RisingWave vs. Flink: Feature-by-feature comparison
A comprehensive comparison of features between RisingWave and Apache Flink, covering SQL capabilities, data types, streaming operations, and system functionalities.
This document provides a detailed feature-by-feature comparison between RisingWave (targeting v2.0) and Apache Flink (targeting v1.20). While both systems excel at stream processing, they have different architectural approaches and feature sets resulting from their different designs: RisingWave as a streaming database and Flink as a stream processing framework. This comparison helps you understand their similarities and differences across various features.
Features noted as “RisingWave-specific” highlight capabilities tied to its database architecture, while “Flink-specific” features reflect its framework nature. Version numbers (RW 2.0, Flink 1.20) are targets; some features might have evolved slightly around these versions. For definitive support details, always consult the official Flink and RisingWave documentation.
Fundamental concepts
RisingWave and Flink share the following core stream processing concepts:
- Dynamic Tables: Both represent streams as tables that change over time.
- Continuous Queries: Both execute SQL queries continuously, producing results as input data changes.
- Time attributes: Both support Event Time (timestamps embedded in data) and Processing Time (the system clock time) for operations such as windowing.
- Result Update Modes: Both use Append, Update, and Delete semantics to handle changes, which allows them to correctly process changelog streams and maintain state.
- Deterministic Queries: Both systems aim for deterministic results given the same ordered input events when using event time.

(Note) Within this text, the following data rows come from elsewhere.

definition model_structure :: "('o, 'm) cat \<Rightarrow> 'm set \<Rightarrow> 'm set \<Rightarrow> 'm set \<Rightarrow> bool" where
  "model_structure C W Cof Fib \<longleftrightarrow>
     category C \<and> has_finite_limits C \<and> has_finite_colimits C \<and>
     W \<subseteq> Mor C \<and> Cof \<subseteq> Mor C \<and> Fib \<subseteq> Mor C \<and>
     two_out_of_three C W \<and>
     retract_closure C W = W \<and> retract_closure C Cof = Cof \<and> retract_closure C Fib = Fib \<and>
     (\<forall>i\<in>Cof \<inter> W. \<forall>p\<in>Fib. lifts C i p) \<and>
     (\<forall>i\<in>Cof. \<forall>p\<in>Fib \<inter> W. lifts C i p) \<and>
     factors_as C (Cof \<inter> W) Fib \<and>
     factors_as C Cof (Fib \<inter> W)"

end

theory Submission
  imports Defs
begin

text \<open>
  Proof idea.  Put \<open>F = retract_closure C Q\<close>.  The model category axioms for
  \<open>(W, Cf, F)\<close> follow from three facts about lifting properties:

  \<^item> \<open>RLP C S\<close> is closed under retracts, so \<open>F \<subseteq> RLP C (Cf \<inter> W)\<close> follows from
    \<open>Q \<subseteq> RLP C (Cf \<inter> W)\<close>, and \<open>F\<close> is retract-closed since retracts compose.
  \<^item> The retract argument: if \<open>x = r \<circ> l\<close> and \<open>x\<close> has the right lifting property
    against \<open>l\<close>, then \<open>x\<close> is a retract of \<open>r\<close>.  Factoring \<open>p \<in> P\<close> as an element of
    \<open>Cf \<inter> W\<close> followed by one of \<open>Q\<close> gives \<open>P \<subseteq> F\<close>; factoring \<open>q \<in> F \<inter> W\<close> as an
    element of \<open>Cf\<close> (which lies in \<open>W\<close> by 2-out-of-3 since \<open>P \<subseteq> W\<close>) followed by one
    of \<open>P\<close> gives \<open>F \<inter> W \<subseteq> retract_closure C P \<subseteq> RLP C Cf\<close>.
  \<^item> Both factorisations for the model structure are then the given ones, since
    \<open>Q \<subseteq> F\<close> and \<open>P \<subseteq> F \<inter> W\<close>.
\<close>

lemma homD: "f \<in> hom C a b \<Longrightarrow> f \<in> Mor C \<and> Dom C f = a \<and> Cod C f = b"
  by (simp add: hom_def)

lemma hom_self: "f \<in> Mor C \<Longrightarrow> f \<in> hom C (Dom C f) (Cod C f)"
  by (simp add: hom_def)

context
  fixes C :: "('o, 'm) cat"
  assumes C: "category C"
begin

lemma comp_hom: "f \<in> hom C a b \<Longrightarrow> g \<in> hom C b c \<Longrightarrow> Comp C g f \<in> hom C a c"
  using C unfolding category_def hom_def by auto

lemma id_hom: "a \<in> Obj C \<Longrightarrow> Id C a \<in> hom C a a"
  using C unfolding category_def by auto

lemma dom_obj: "f \<in> hom C a b \<Longrightarrow> a \<in> Obj C"
  using C unfolding category_def hom_def by auto

lemma cod_obj: "f \<in> hom C a b \<Longrightarrow> b \<in> Obj C"
  using C unfolding category_def hom_def by auto

lemma id_left: "f \<in> hom C a b \<Longrightarrow> Comp C (Id C b) f = f"
  using C unfolding category_def hom_def by auto

lemma id_right: "f \<in> hom C a b \<Longrightarrow> Comp C f (Id C a) = f"
  using C unfolding category_def hom_def by auto

lemma assoc:
  "f \<in> hom C a b \<Longrightarrow> g \<in> hom C b c \<Longrightarrow> h \<in> hom C c d \<Longrightarrow>
   Comp C h (Comp C g f) = Comp C (Comp C h g) f"
  using C unfolding category_def hom_def by auto
(* Let $F:\mathbb{R}^d\to\mathbb{R}^d$ be $L$-Lipschitz, $G:\mathbb{R}^d\rightrightarrows\mathbb{R}^d$ maximally monotone, the solution set of $0\in F(x)+G(x)$ nonempty, and $F+G$ maximally $\rho$-cohypomonotone with $\rho>0$. Let $\eta>\rho$, $\alpha=1-\frac\rho\eta$, $\beta_k=\frac1{k+2}$, $x_0\in\mathbb{R}^d$, and let $x^\star$ be a solution. Suppose the sequence $(x_k)$ satisfies $x_{k+1}=\beta_kx_0+(1-\beta_k)\big((1-\alpha)x_k+\alpha\widetilde J_k\big)$ for $k\ge0$, where the points $\widetilde J_k\in\mathbb{R}^d$ satisfy $\|J_{\eta(F+G)}(x_k)-\widetilde J_k\|\le\varepsilon_k$ for some $\varepsilon_k>0$. Let $R=\mathrm{Id}-J_{\eta(F+G)}$. Then for any $K\ge1$, $$\frac{K(K+1)}{4}\|R(x_K)\|^2-\frac{K+1}{K\alpha^2}\|x^\star-x_0\|^2\le\sum_{k=0}^{K-1}\left(\frac{(k+1)(k+2)\varepsilon_k^2}{2}+(k+1)\|R(x_k)\|\varepsilon_k\right),$$ and $\|x_k-x^\star\|\le\|x_0-x^\star\|+\frac{\alpha}{k+1}\sum_{i=0}^{k-1}(i+1)\varepsilon_i$.
   Context: For an operator $A$, $J_A=(\mathrm{Id}+A)^{-1}$ is its resolvent. $F+G$ is $\rho$-cohypomonotone if $\langle u-v,x-y\rangle\ge-\rho\|u-v\|^2$ for all $(x,u),(y,v)$ in its graph; maximal means its graph is not strictly contained in the graph of another $\rho$-cohypomonotone operator. *)

theory Defs
  imports "HOL-Analysis.Analysis"
begin

text \<open>Set-valued operators on a real inner product space are modelled as
  functions 'a => 'a set (x maps to A x; the graph is the set of (x,u) with u in A x).\<close>

definition monotone_op :: "('a::real_inner \<Rightarrow> 'a set) \<Rightarrow> bool" where
  "monotone_op A \<longleftrightarrow>
     (\<forall>x y u v. u \<in> A x \<longrightarrow> v \<in> A y \<longrightarrow> inner (u - v) (x - y) \<ge> 0)"

definition maximal_monotone_op :: "('a::real_inner \<Rightarrow> 'a set) \<Rightarrow> bool" where
  "maximal_monotone_op A \<longleftrightarrow> monotone_op A \<and>
     (\<forall>B. monotone_op B \<and> (\<forall>x. A x \<subseteq> B x) \<longrightarrow> B = A)"

definition cohypomonotone_op :: "real \<Rightarrow> ('a::real_inner \<Rightarrow> 'a set) \<Rightarrow> bool" where
  "cohypomonotone_op \<rho> A \<longleftrightarrow>
     (\<forall>x y u v. u \<in> A x \<longrightarrow> v \<in> A y \<longrightarrow>
        inner (u - v) (x - y) \<ge> - \<rho> * (norm (u - v))\<^sup>2)"

definition maximal_cohypomonotone_op :: "real \<Rightarrow> ('a::real_inner \<Rightarrow> 'a set) \<Rightarrow> bool" where
  "maximal_cohypomonotone_op \<rho> A \<longleftrightarrow> cohypomonotone_op \<rho> A \<and>
     (\<forall>B. cohypomonotone_op \<rho> B \<and> (\<forall>x. A x \<subseteq> B x) \<longrightarrow> B = A)"

definition sum_op :: "('a::real_vector \<Rightarrow> 'a) \<Rightarrow> ('a \<Rightarrow> 'a set) \<Rightarrow> 'a \<Rightarrow> 'a set" where
  "sum_op F G x = (\<lambda>u. F x + u) ` G x"

definition scale_op :: "real \<Rightarrow> ('a::real_vector \<Rightarrow> 'a set) \<Rightarrow> 'a \<Rightarrow> 'a set" where
  "scale_op c A x = (\<lambda>u. c *\<^sub>R u) ` A x"

text \<open>Resolvent J_A = (Id + A)^{-1}, evaluated at x: the (unique, when it exists)
  point y with x in y + A y.\<close>
definition resolvent :: "('a::real_vector \<Rightarrow> 'a set) \<Rightarrow> 'a \<Rightarrow> 'a" where
  "resolvent A x = (THE y. x - y \<in> A y)"

end

theory Submission
  imports Defs
begin

(* The residual R = Id - J of the resolvent J = J_{eta (F + G)} is (1 - rho/eta)-cocoercive and
   vanishes at xstar; nothing else about F and G is used.  J is single-valued because F + G is
   rho-cohypomonotone and eta > rho, and it is defined everywhere by Minty's theorem, applied to the
   image of the graph of F + G under (y, u) |-> ((eta - rho) u, y + rho u - z), which is maximal
   monotone.  Minty's theorem in finite dimension follows from the Debrunner-Flor lemma (Brouwer's
   fixed point theorem on a convex hull) and compactness of balls.

   The scheme is Halpern's iteration for Id - alpha R with errors alpha (Jt k - J (x k)).  The
   Lyapunov function alpha^2 k (k+1)/2 |R x_k|^2 + alpha (k+1) <R x_k, x_k - x_0> grows in step k by
   at most alpha^2 times the k-th summand of the error sum, and at k = K it is at least
   alpha^2 K (K+1)/4 |R x_K|^2 - (K+1)/K |xstar - x_0|^2 by cocoercivity at xstar and Young's
   inequality.  The distance bound holds because Id - alpha R is nonexpansive. *)

definition monotone_graph :: "('a::real_inner \<times> 'a) set \<Rightarrow> bool" where
  "monotone_graph S \<longleftrightarrow> (\<forall>p\<in>S. \<forall>q\<in>S. 0 \<le> inner (snd p - snd q) (fst p - fst q))"
(* Let $\Gamma$ be a finite graph and $\mathcal{G}$ a collection of non-trivial groups indexed by the vertices of $\Gamma$. Decompose $\Gamma$ as a join $$\Gamma=\{u_1\}\ast\cdots\ast\{u_r\}\ast\{a_1,b_1\}\ast\cdots\ast\{a_s,b_s\}\ast\Lambda_1\ast\cdots\ast\Lambda_n$$ where $u_1,\ldots,u_r$ are single vertices, each $a_i,b_i$ are two non-adjacent vertices whose vertex-groups are $\mathbb{Z}_2$, and each $\Lambda_i$ is an irreducible subgraph containing at least two vertices whose vertex-groups are not all $\mathbb{Z}_2$... more precisely, containing at least two vertices not both labelled by $\mathbb{Z}_2$. Then $$\mathrm{VZ}(\Gamma\mathcal{G})=\mathrm{VZ}(\langle u_1\rangle)\times\cdots\times\mathrm{VZ}(\langle u_r\rangle)\times\langle a_1b_1\rangle\times\cdots\times\langle a_sb_s\rangle.$$
   Context: The graph product is $\Gamma\mathcal{G}=\langle G_u\ (u\in V(\Gamma))\mid [G_u,G_v]=1 \text{ whenever } u,v \text{ adjacent}\rangle$; $\langle u\rangle$ denotes the vertex-group $G_u$ (a vertex is "labelled by" its vertex-group). The join $\Phi\ast\Psi$ of graphs is obtained from $\Phi\sqcup\Psi$ by joining every vertex of $\Phi$ to every vertex of $\Psi$; a graph is irreducible if it does not decompose as a join of two non-empty graphs. The virtual centre $\mathrm{VZ}(G)$ of a group $G$ is the set of elements of $G$ that centralise some finite-index subgroup of $G$. *)

theory Defs
  imports "HOL-Algebra.Algebra"
begin

definition fin_graph :: "'v set \<Rightarrow> ('v \<Rightarrow> 'v \<Rightarrow> bool) \<Rightarrow> bool" where
  "fin_graph V E \<longleftrightarrow> finite V \<and> (\<forall>u v. E u v \<longrightarrow> u \<in> V \<and> v \<in> V)
     \<and> (\<forall>u v. E u v \<longrightarrow> E v u) \<and> (\<forall>u. \<not> E u u)"

definition irreducible_sub :: "('v \<Rightarrow> 'v \<Rightarrow> bool) \<Rightarrow> 'v set \<Rightarrow> bool" where
  "irreducible_sub E L \<longleftrightarrow> L \<noteq> {} \<and>
     \<not> (\<exists>A B. A \<noteq> {} \<and> B \<noteq> {} \<and> A \<union> B = L \<and> A \<inter> B = {} \<and> (\<forall>a\<in>A. \<forall>b\<in>B. E a b))"
(* Assume the shortest $s_0$-$s_1$ path in the Wheatstone graph is unique. Then for every choice of positive lengths and positive initial diameters, the Physarum dynamics on the Wheatstone graph stabilize: every edge either becomes horizontal or becomes directed.
   Context: The Wheatstone graph has vertices $s_0,s_1,\ell,r$ and five edges $a=\{s_0,r\}$, $b=\{s_0,\ell\}$, $c=\{r,s_1\}$, $d=\{\ell,s_1\}$, $e=\{\ell,r\}$, each with length $L_x>0$ and time-dependent diameter $D_x(t)$ with $D_x(0)>0$. Physarum dynamics: a unit electrical current is sent from $s_0$ to $s_1$ through the network with resistances $R_x=L_x/D_x$ (potentials $p_v$ solve Kirchhoff's equations with net outflow $1$ at $s_0$, $-1$ at $s_1$, $0$ elsewhere; current on edge $x=\{u,v\}$ is $(p_u-p_v)/R_x$), and $\dot D_x=|Q_x|-D_x$ for each edge $x$. An edge $\{u,v\}$ becomes horizontal if $|p_u(t)-p_v(t)|\to0$ as $t\to\infty$; it becomes directed from $u$ to $v$ if $p_u(t)>p_v(t)$ for all sufficiently large $t$. *)

theory Defs
  imports "HOL-Analysis.Analysis"
begin

datatype wvertex = S0 | S1 | Lv | Rv
datatype wedge = Ea | Eb | Ec | Ed | Ee

definition wedges :: "wedge set" where
  "wedges = {Ea, Eb, Ec, Ed, Ee}"

text \<open>A fixed (arbitrary) orientation of each undirected edge, used only to
  define the signed current; the dynamics only depend on its absolute value.\<close>
fun ends :: "wedge \<Rightarrow> wvertex \<times> wvertex" where
  "ends Ea = (S0, Rv)"
| "ends Eb = (S0, Lv)"
| "ends Ec = (Rv, S1)"
| "ends Ed = (Lv, S1)"
| "ends Ee = (Lv, Rv)"

definition net_supply :: "wvertex \<Rightarrow> real" where
  "net_supply v = (if v = S0 then 1 else if v = S1 then -1 else 0)"

definition current :: "(wedge \<Rightarrow> real) \<Rightarrow> (wedge \<Rightarrow> real) \<Rightarrow> (wvertex \<Rightarrow> real) \<Rightarrow> wedge \<Rightarrow> real" where
  "current L D p x = (p (fst (ends x)) - p (snd (ends x))) / (L x / D x)"

definition kirchhoff :: "(wedge \<Rightarrow> real) \<Rightarrow> (wedge \<Rightarrow> real) \<Rightarrow> (wvertex \<Rightarrow> real) \<Rightarrow> bool" where
  "kirchhoff L D p \<longleftrightarrow>
     (\<forall>v. (\<Sum>x\<in>{x\<in>wedges. fst (ends x) = v}. current L D p x)
          - (\<Sum>x\<in>{x\<in>wedges. snd (ends x) = v}. current L D p x) = net_supply v)"

text \<open>Lengths of the four simple s0-s1 paths: a c, b d, a e d, b e c.\<close>
definition path_lengths :: "(wedge \<Rightarrow> real) \<Rightarrow> real list" where
  "path_lengths L = [L Ea + L Ec, L Eb + L Ed, L Ea + L Ee + L Ed, L Eb + L Ee + L Ec]"

definition unique_shortest_path :: "(wedge \<Rightarrow> real) \<Rightarrow> bool" where
  "unique_shortest_path L \<longleftrightarrow>
     (\<exists>i < length (path_lengths L). \<forall>j < length (path_lengths L).
         j \<noteq> i \<longrightarrow> path_lengths L ! i < path_lengths L ! j)"

definition physarum_solution ::
  "(wedge \<Rightarrow> real) \<Rightarrow> (real \<Rightarrow> wedge \<Rightarrow> real) \<Rightarrow> (real \<Rightarrow> wvertex \<Rightarrow> real) \<Rightarrow> bool" where
  "physarum_solution L D p \<longleftrightarrow>
     (\<forall>t\<ge>0. kirchhoff L (D t) (p t)) \<and>
     (\<forall>x\<in>wedges. \<forall>t\<ge>0.
        ((\<lambda>s. D s x) has_real_derivative (\<bar>current L (D t) (p t) x\<bar> - D t x)) (at t within {0..}))"

definition becomes_horizontal :: "(real \<Rightarrow> wvertex \<Rightarrow> real) \<Rightarrow> wedge \<Rightarrow> bool" where
  "becomes_horizontal p x \<longleftrightarrow>
     ((\<lambda>t. \<bar>p t (fst (ends x)) - p t (snd (ends x))\<bar>) \<longlongrightarrow> 0) at_top"

definition directed_from :: "(real \<Rightarrow> wvertex \<Rightarrow> real) \<Rightarrow> wvertex \<Rightarrow> wvertex \<Rightarrow> bool" where
  "directed_from p u v \<longleftrightarrow> (\<forall>\<^sub>F t in at_top. p t u > p t v)"

definition becomes_directed :: "(real \<Rightarrow> wvertex \<Rightarrow> real) \<Rightarrow> wedge \<Rightarrow> bool" where
  "becomes_directed p x \<longleftrightarrow>
     directed_from p (fst (ends x)) (snd (ends x)) \<or> directed_from p (snd (ends x)) (fst (ends x))"

end

theory Submission
  imports Defs
begin

(* Write u_a = p_s0 - p_r, u_b = p_s0 - p_l, u_c = p_r - p_s1, u_d = p_l - p_s1 for the
   potential drops of the outer edges, u_e = p_l - p_r for the drop along the bridge e,
   and g_x = D_x / L_x for the conductances.

   Solving Kirchhoff's equations shows that all outer drops are positive
      (so a, b, c, d are directed at all times), that the unit current splits between
      a, b and between c, d, that the Thomson energy is at most the total drop, and that
      u_e = P (g_b g_c - g_a g_d) / Delta with Delta >= (g_b + g_d)(g_a + g_c).
   2. These facts are collected in the locale wheatstone_dynamics.  The bridge drop has
      the sign of phi = ln (g_b g_c) - ln (g_a g_d), and a one-dimensional barrier
      argument shows that u_e is eventually signed if phi crosses zero in one direction.
   3. If L_a <= L_b and L_d <= L_c (one strictly), phi decreases through every zero.
      If L_a < L_b and L_c < L_d, a Lyapunov function shows D_b, D_d -> 0 and
      D_a, D_c -> 1; at zeros of phi its rate then tends to L_a/L_b - L_c/L_d.  When this
      limit is 0, a "balance" quantity with derivative proportional to -u_e is trapped
      near phi and forces u_e -> 0.
   4. The mirror symmetry a <-> b, c <-> d covers all remaining length orders except
      L_a = L_b, L_c = L_d, which a unique shortest path excludes. *)

lemma negative_right_after:
  fixes f :: "real \<Rightarrow> real"
  assumes der: "(f has_real_derivative f') (at t0)" and nonpos: "f t0 \<le> 0"
    and zero: "f t0 = 0 \<Longrightarrow> f' < 0"
  shows "\<exists>d>0. \<forall>h. 0 < h \<and> h < d \<longrightarrow> f (t0 + h) < 0"
proof (cases "f t0 = 0")
  case True
  then show ?thesis using DERIV_neg_dec_right[OF der zero[OF True]] by auto
next
  case False
  then have "f t0 < 0" using nonpos by simp
  from LIM_fun_less_zero[OF DERIV_isCont[OF der, unfolded isCont_def] this]
  obtain r where "r > 0" "\<forall>x. x \<noteq> t0 \<and> \<bar>t0 - x\<bar> < r \<longrightarrow> f x < 0" by blast
  then show ?thesis by (intro exI[of _ r]) auto
qed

While sharing these fundamentals, their architectures differ: RisingWave stores state internally within its database storage layer, treating streams and materialized views as first-class database objects. Flink typically uses pluggable state backends (such as RocksDB or filesystems), and its connectors manage external storage.
Data types
Both systems support a wide range of standard SQL data types. The following table highlights common types and key differences.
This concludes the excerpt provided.